Old–school data centers use mains-oriented IT equipment, and route the mains power into the racks and right to the servers. That results in complex cabling, in which all the kit in one rack is driven from giant power strips, sometimes called power distribution units (PDUs).

Starting around 2011, hyperscalers argued for a simplification, taking the rectifiers out of the servers, and delivering DC power directly to them via a bus bar at the back of the rack. No more SMPS units and all the power can be rectified in one power shelf.

The Open Compute Project (OCP) emerged from Facebook with a scheme for Open Racks driven by bus bars. Open19 (now the SSIA) came up with an alternative idea, and both had to handle both 12V and 48V strands.

DC racks are now a major feature in the data center world, and we’ve spoken to some of the proponents in our latest power supplement.

Going full DC

But there’s more. Even before the hyperscalers installed their bus bars, other people had been proposing a more radical shift to use DC across the whole facility.

The reasoning was about simplicity.

Data centers have an Uninterruptible Power Supply (UPS) designed to power the facility for long enough for generators to fire up. The UPS has to have a large store of batteries, and they are powered by DC.

So power enters the data center as AC, is converted to DC to charge the batteries, and then back to AC for distribution to the racks.

In the 2000s, a number of companies proposed to take the AC link out of the equation. Convert to DC, charge the batteries, and distribute DC to the racks. ABB was convinced enough to buy the leading DC prominent Validus back in 2011.

But the idea didn’t catch on. In this iteration of the war of the currents, DC was widely seen as unsafe. For that reason, and maybe the innate conservatism of the sector, it withered away.

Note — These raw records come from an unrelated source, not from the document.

text \<open>On the segment from \<open>p\<close> to \<open>z\<close>, \<open>h\<close> lies above the quadratic given by the pairing
  and below the chord; the two agree at \<open>p\<close>, so comparing slopes there gives the bound.\<close>

lemma fitz_family_ge_fitz_term:
  assumes h: "h \<in> fitz_family T" and "p \<in> T" "h z \<le> ereal c"
  shows "fitz_term p z \<le> c"
proof (rule le_if_le_add_vanishing[where k = "fitz_term p z - pairing (fst z) (snd z)"])
  fix t :: real assume t: "0 < t" "t \<le> 1"
  obtain a as x xs where p: "p = (a, as)" and z: "z = (x, xs)" by fastforce
  have "h p \<le> ereal (pairing a as)"
    using h \<open>p \<in> T\<close> by (simp add: fitz_family_def p)
  have "ereal (pairing ((1 - t) *\<^sub>R a + t *\<^sub>R x) ((1 - t) *\<^sub>R as + t *\<^sub>R xs))
      \<le> h ((1 - t) *\<^sub>R p + t *\<^sub>R z)"
    using h by (simp add: fitz_family_def p z del: pairing_simps)
  also have "\<dots> \<le> ereal ((1 - t) * pairing a as + t * c)"
    using h t \<open>h p \<le> ereal (pairing a as)\<close> \<open>h z \<le> ereal c\<close>
    by (intro ereal_convexD) (auto simp: fitz_family_def)
  finally have "pairing ((1 - t) *\<^sub>R a + t *\<^sub>R x) ((1 - t) *\<^sub>R as + t *\<^sub>R xs)
      \<le> (1 - t) * pairing a as + t * c"
    by simp
  moreover have "pairing ((1 - t) *\<^sub>R a + t *\<^sub>R x) ((1 - t) *\<^sub>R as + t *\<^sub>R xs)
      = (1 - t) * pairing a as + t * ((1 - t) * fitz_term p z + t * pairing x xs)"
    by (simp add: p z fitz_term_def algebra_simps)
  ultimately have "t * ((1 - t) * fitz_term p z + t * pairing x xs) \<le> t * c"
    by linarith
  then have "(1 - t) * fitz_term p z + t * pairing x xs \<le> c"
    using t(1) by (rule mult_left_le_imp_le)
  then show "fitz_term p z \<le> c + t * (fitz_term p z - pairing (fst z) (snd z))"
    using t by (simp add: z algebra_simps)
qed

But things can always come back.

Data centers are now looking at using microgrids for power. That means drawing on-site energy directly from sources such as fuel cells and solar panels. As it turns out, those sources often conveniently produce direct current.

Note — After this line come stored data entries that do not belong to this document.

lemma normW_Wder_remainder_le:
  fixes \<alpha> :: "nat \<Rightarrow> real" and j :: nat
  assumes u: "inW u" and h: "inW h" and ys: "\<forall>y\<in>set ys. inW y"
    and t: "0 < t" "normW u + normW h \<le> t" "ereal t < conv_radius \<alpha>"
  defines "E \<equiv> \<lambda>k. if j + 2 \<le> k then cmod (Wder_coeff \<alpha> j k) * real (k - j) ^ 2 * t ^ (k - j - 2) else 0"
  shows "normW (\<lambda>m. Wder \<alpha> j (\<lambda>k. u k + h k) ys m - Wder \<alpha> j u ys m - Wder \<alpha> (Suc j) u (ys @ [h]) m)
    \<le> (\<Sum>k. E k) * normW h ^ 2 * normWL (l1_prod ys)"
proof -
  define U H P where "U = Abs_l1 u" and "H = Abs_l1 h" and "P = l1_prod ys"
  have UHP: "inWL U" "inWL H" "inWL P" "normWL U = normW u" "normWL H = normW h"
    using u h ys by (simp_all add: U_def H_def P_def inWL_Abs_l1 inWL_l1_prod normWL_Abs_l1)
  have ab: "0 \<le> normW u" "0 \<le> normW h"
    by (simp_all add: normW_nonneg)
  have "normW u \<le> t" "normW (\<lambda>k. u k + h k) \<le> t"
    using t normW_add[OF u h] ab by linarith+
  then have r: "ereal (normW u) < conv_radius \<alpha>" "ereal (normW (\<lambda>k. u k + h k)) < conv_radius \<alpha>"
    using t(3) by (auto intro: below_conv_radius)
  define D where "D k = scal (Wder_coeff \<alpha> j k) 1
      * (((U + H) ^ (k - j) - U ^ (k - j) - of_nat (k - j) * U ^ (k - j - 1) * H) * P)" for k
  have "normWL (D k) \<le> E k * normW h ^ 2 * normWL P" for k
  proof (cases "j + 2 \<le> k")
    case True
    have "normWL (D k) \<le> cmod (Wder_coeff \<alpha> j k)
        * (real (k - j) ^ 2 * normW h ^ 2 * (normW u + normW h) ^ (k - j - 2) * normWL P)"
      unfolding D_def scal_eq_mult[symmetric] normWL_scal
      using normWL_mult[OF _ UHP(3)] normWL_power_remainder[OF UHP(1,2), of "k - j"] UHP normWL_nonneg
      by (intro mult_left_mono) (auto intro!: order_trans[OF normWL_mult] mult_right_mono
          inWL_diff inWL_mult inWL_power inWL_add inWL_of_nat_mult)
    also have "\<dots> \<le> cmod (Wder_coeff \<alpha> j k) * (real (k - j) ^ 2 * normW h ^ 2 * t ^ (k - j - 2) * normWL P)"
      using t ab by (intro mult_left_mono mult_right_mono power_mono) (auto simp: normWL_nonneg)
    finally show ?thesis
      using True by (simp add: E_def ac_simps)
  next
    case False
    then have "k - j = 0 \<or> k - j = 1"
      by auto
    then show ?thesis
      unfolding D_def by (auto simp: E_def)
  qed
  moreover have "inWL (D k)" for k
    unfolding D_def using UHP by (intro inWL_mult inWL_scal inWL_1 inWL_diff inWL_power inWL_add inWL_of_nat_mult)
  moreover have "summable E"
    unfolding E_def by (rule summable_remainder_coeff[OF t(1,3)])
  ultimately have "normW (\<lambda>m. \<Sum>k. Rep_l1 (D k) m) \<le> (\<Sum>k. E k * normW h ^ 2 * normWL P)"
    by (intro normWL_suminf(3) summable_mult2)
  then show ?thesis
    unfolding Wder_remainder_eq_suminf[OF u r(1) h r(2) ys] D_def U_def H_def P_def
    using \<open>summable E\<close> by (simp add: suminf_mult2[OF \<open>summable E\<close>] suminf_mult2[OF summable_mult2[OF \<open>summable E\<close>]])
qed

A data center could be isolated from the AC grid, and live on its own microgrid. On that grid DC power sources charge batteries, and power electronics which fundamentally run on DC.

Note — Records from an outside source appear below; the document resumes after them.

lemma mean_coord_sum_cube: "mean (cube n) (coord_sum n) = 0"
proof -
  have not_fixed: "\<not> fixed_by n [] (\<lambda>x. x i)" if "i < n" for i
  proof
    assume "fixed_by n [] (\<lambda>x. x i)"
    then have all_eq: "\<forall>x \<in> cube n. \<forall>y \<in> cube n. x i = y i"
      by (simp add: fixed_by_def)
    have "1 (i := -1) \<in> cube n"
      using \<open>i < n\<close> by (auto simp: cube_def)
    from bspec[OF bspec[OF all_eq one_in_cube] this] show False
      by simp
  qed
  have "mean (cube n) (coord_sum n)
      = (\<Sum>i<n. if fixed_by n [] (\<lambda>x. x i) then real_of_int ((1 :: nat \<Rightarrow> int) i) else 0)"
    using mean_coord_sum_cell[of 1 n "[]"] one_in_cube by (simp only: cell_Nil list.map)
  also have "\<dots> = 0"
    using not_fixed by simp
  finally show ?thesis .
qed

subsection \<open>Correlation-freeness along a path\<close>

definition correlation_free_at :: "nat \<Rightarrow> nat set list \<Rightarrow> bool" where
  "correlation_free_at n Q = (\<forall>i<n. \<forall>j<n. i \<noteq> j \<longrightarrow> fixed_by n Q (\<lambda>x. x i * x j) \<longrightarrow>
      fixed_by n Q (\<lambda>x. x i) \<and> fixed_by n Q (\<lambda>x. x j))"

lemma correlation_free_iff: "correlation_free n T \<longleftrightarrow> (\<forall>Q \<in> qpaths T. correlation_free_at n Q)"
  by (simp add: correlation_free_def correlation_free_at_def)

In that situation, the idea of switching to AC for a short loop around the facility begins to look, well, odd.

For our latest power supplement, DCD spoke to one of the pioneers bringing back full-site DC distribution.

More invention

But when things are opened up for innovation, other things can change too. We could see modern-day Edisons coming up with completely new ideas.

Those central battery rooms are only one place to store the backup. There have been multiple schemes proposing batteries within the actual data center racks, where they can provide that failover time to each server individually, instead of through a distributed system.

And beyond that, why not re-examine the fundamentals of electrical conduction?

A few years after Edison, in 1911, the phenomenon of superconductivity was discovered. Materials exist which, at low temperatures, have no resistance at all.

In theory, superconducting circuits could carry as much current as you like, without any wastage.

The drawback is the need for low temperatures. Scientists have searched for high-temperature superconductors, and produced some which operate at -130C, warm enough to be cooled with a liquid nitrogen.

Bus bars have been proposed, sheathed in a cryogenic circuit, that could ship as much power as you like around a data center, without loss.

Real data centers are going to take a lot of convincing to adopt anything that exotic.

But by comparison, maybe DC distribution doesn’t look so unusual after all?